*** Opening of STORED DATA ***

text \<open>Four of the \<open>q + 1 \<ge> 4\<close> points on a secant hyperplane are dependent: \<open>eval_theta\<close> maps
  the \<open>q\<^sup>4\<close> vectors supported on them into the hyperplane, which has only \<open>q\<^sup>3\<close> elements.\<close>

lemma dual_subcode_weight_4:
  "\<exists>y \<in> dual_code Fq n subcode. y \<noteq> (\<lambda>_. 0) \<and> hamming_wt n y \<le> 4"
proof -
  obtain a where a: "a \<in> secants"
    using secants_nonempty by blast
  let ?I = "{i \<in> {..<n}. trace (a * \<theta> ^ i) = 0}"
  have "card ?I = q + 1"
    using zero_count_secants[OF a] by (simp add: zero_count_def)
  hence "4 \<le> card ?I"
    using q_gt_2 by simp
  then obtain I where I: "I \<subseteq> ?I" "card I = 4"
    by (meson obtain_subset_with_card_n)
  have I_fin: "finite I" and I_n: "I \<subseteq> {..<n}"
    using I by (auto intro: finite_subset)
  have "eval_theta ` vectors_on Fq I \<subseteq> {x. trace (x * a) = 0}"
  proof clarify
    fix y assume y: "y \<in> vectors_on Fq I"
    hence "y \<in> vectors_on Fq {..<n}"
      using I_n vectors_on_mono[of Fq I "{..<n}"] by auto
    hence "trace (eval_theta y * a) = (\<Sum>i<n. trace_codeword a i * y i)"
      using trace_mult_eval_theta[of y a] by (simp add: mult.commute)
    also have "\<dots> = 0"
      using y I(1) by (intro sum.neutral) (auto simp: vectors_on_def trace_codeword_def)
    finally show "trace (eval_theta y * a) = 0" .
  qed
  moreover have "a \<noteq> 0"
    using a by (simp add: secants_def)
  ultimately have "card (eval_theta ` vectors_on Fq I) \<le> q ^ 3"
    using card_trace_kernel card_mono[OF finite] by metis
  moreover have "q ^ 3 < q ^ 4"
    using q_ge_2 by simp
  ultimately have "\<not> inj_on eval_theta (vectors_on Fq I)"
    using card_image card_vectors_on[OF I_fin, of Fq] I(2) card_Fq by fastforce
  then obtain y y' where "y \<in> vectors_on Fq I" "y' \<in> vectors_on Fq I" "y \<noteq> y'"
    "eval_theta y = eval_theta y'"
    by (auto simp: inj_on_def)
  thus ?thesis
    using dual_word_of_collision[OF I_n I_fin] I(2) by metis
qed

lemma min_dist_dual_subcode: "min_dist n (dual_code Fq n subcode) = 4"
proof -
  obtain y where y: "y \<in> dual_code Fq n subcode" "y \<noteq> (\<lambda>_. 0)" "hamming_wt n y \<le> 4"
    using dual_subcode_weight_4 by blast
  have "finite (dual_code Fq n subcode)"
    using card_dual_subcode q_ge_2 card.infinite by fastforce
  thus ?thesis
    unfolding min_dist_def using dual_subcode_weight_ge_4 y
    by (intro Min_eqI) (auto intro!: image_eqI[of _ _ y] simp: le_antisym)
qed

end

theorem theorem4p3:
  fixes p m q n r :: nat and lam \<delta> :: "'a::{field,finite}"
    and g1 g2 :: "'a poly" and C D :: "(nat \<Rightarrow> 'a) set"
  assumes "prime p" and "m > 0" and "q = p ^ m" and "q > 2" and "n = q^2 + 1"
    and "card (UNIV :: 'a set) = q ^ 4"
    and "lam \<noteq> 0" and "lam \<in> Fsub (q^2)" and "mult_ord lam = r"
    and "r dvd (q - 1)" and "multiplicity 2 r = multiplicity 2 (q - 1)"
    and "mult_ord \<delta> = r * n" and "\<delta> ^ n = lam"
    and "g1 = [:- \<delta>, 1:] * [:- (\<delta> ^ (q^2)), 1:]"
    and "g2 = [:- (\<delta> ^ (q^2 - q + 1)), 1:] * [:- (\<delta> ^ (q^4 - q^3 + q^2)), 1:]"
    and "C = constacyclic_code_chk (Fsub (q^2)) n lam (g1 * g2)"
    and "D = subfield_subcode n C (Fsub q)"
  shows "card D = q ^ 4 \<and> min_dist n D = q^2 - q \<and>
         weight_enum n D = 1 + monom ((q^2 - q) * (q^2 + 1)) (q^2 - q)
                              + monom ((q - 1) * (q^2 + 1)) (q^2) \<and>
         card (dual_code (Fsub q) n D) = q ^ (q^2 - 3) \<and>
         min_dist n (dual_code (Fsub q) n D) = 4"
proof -
  interpret ovoid_code p m q n r lam \<delta>
    using assms by unfold_locales auto
  have "D = subcode"
    using assms(14-17) by (simp add: subcode_def check_poly_eq)
  thus ?thesis
    using card_subcode min_dist_subcode weight_enum_subcode card_dual_subcode min_dist_dual_subcode
    by simp
qed

end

*** Close of STORED DATA ***

WHAT YOU HAVE TO DO: Your answer should be every line above that contains the word "intro".

EXERCISE SOLUTION:
    using I by (auto intro: finite_subset)
      using y I(1) by (intro sum.neutral) (auto simp: vectors_on_def trace_codeword_def)
    by (intro Min_eqI) (auto intro!: image_eqI[of _ _ y] simp: le_antisym)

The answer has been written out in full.